(Beginning of EXTRACTED ENTRIES)

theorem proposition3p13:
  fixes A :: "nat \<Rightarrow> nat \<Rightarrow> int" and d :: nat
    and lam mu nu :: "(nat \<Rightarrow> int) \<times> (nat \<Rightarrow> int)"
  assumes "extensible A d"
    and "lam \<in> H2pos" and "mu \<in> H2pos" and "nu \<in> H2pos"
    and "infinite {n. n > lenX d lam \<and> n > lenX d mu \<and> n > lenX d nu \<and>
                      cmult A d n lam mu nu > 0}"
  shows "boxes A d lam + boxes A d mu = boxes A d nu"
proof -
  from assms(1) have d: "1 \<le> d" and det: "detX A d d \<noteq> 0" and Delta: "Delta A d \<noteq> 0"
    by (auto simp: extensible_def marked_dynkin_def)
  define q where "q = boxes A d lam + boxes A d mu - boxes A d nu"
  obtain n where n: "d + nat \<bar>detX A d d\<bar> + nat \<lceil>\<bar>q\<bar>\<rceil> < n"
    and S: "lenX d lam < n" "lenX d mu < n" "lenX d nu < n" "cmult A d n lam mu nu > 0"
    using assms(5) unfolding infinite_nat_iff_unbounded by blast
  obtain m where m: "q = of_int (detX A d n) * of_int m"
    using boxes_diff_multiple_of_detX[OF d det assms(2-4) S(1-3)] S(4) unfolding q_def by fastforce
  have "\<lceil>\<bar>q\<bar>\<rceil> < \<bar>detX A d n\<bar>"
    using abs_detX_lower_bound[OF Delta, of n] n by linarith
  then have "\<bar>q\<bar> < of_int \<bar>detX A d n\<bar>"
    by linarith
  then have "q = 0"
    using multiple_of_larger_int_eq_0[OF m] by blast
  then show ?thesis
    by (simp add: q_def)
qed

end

(End of EXTRACTED ENTRIES)

[EXERCISE INSTRUCTIONS]
Could you retype exactly the lines from the first one of the records through the line containing "< \<bar>detX A", both included, and nothing more?

[YOUR SOLUTION]
theorem proposition3p13:
  fixes A :: "nat \<Rightarrow> nat \<Rightarrow> int" and d :: nat
    and lam mu nu :: "(nat \<Rightarrow> int) \<times> (nat \<Rightarrow> int)"
  assumes "extensible A d"
    and "lam \<in> H2pos" and "mu \<in> H2pos" and "nu \<in> H2pos"
    and "infinite {n. n > lenX d lam \<and> n > lenX d mu \<and> n > lenX d nu \<and>
                      cmult A d n lam mu nu > 0}"
  shows "boxes A d lam + boxes A d mu = boxes A d nu"
proof -
  from assms(1) have d: "1 \<le> d" and det: "detX A d d \<noteq> 0" and Delta: "Delta A d \<noteq> 0"
    by (auto simp: extensible_def marked_dynkin_def)
  define q where "q = boxes A d lam + boxes A d mu - boxes A d nu"
  obtain n where n: "d + nat \<bar>detX A d d\<bar> + nat \<lceil>\<bar>q\<bar>\<rceil> < n"
    and S: "lenX d lam < n" "lenX d mu < n" "lenX d nu < n" "cmult A d n lam mu nu > 0"
    using assms(5) unfolding infinite_nat_iff_unbounded by blast
  obtain m where m: "q = of_int (detX A d n) * of_int m"
    using boxes_diff_multiple_of_detX[OF d det assms(2-4) S(1-3)] S(4) unfolding q_def by fastforce
  have "\<lceil>\<bar>q\<bar>\<rceil> < \<bar>detX A d n\<bar>"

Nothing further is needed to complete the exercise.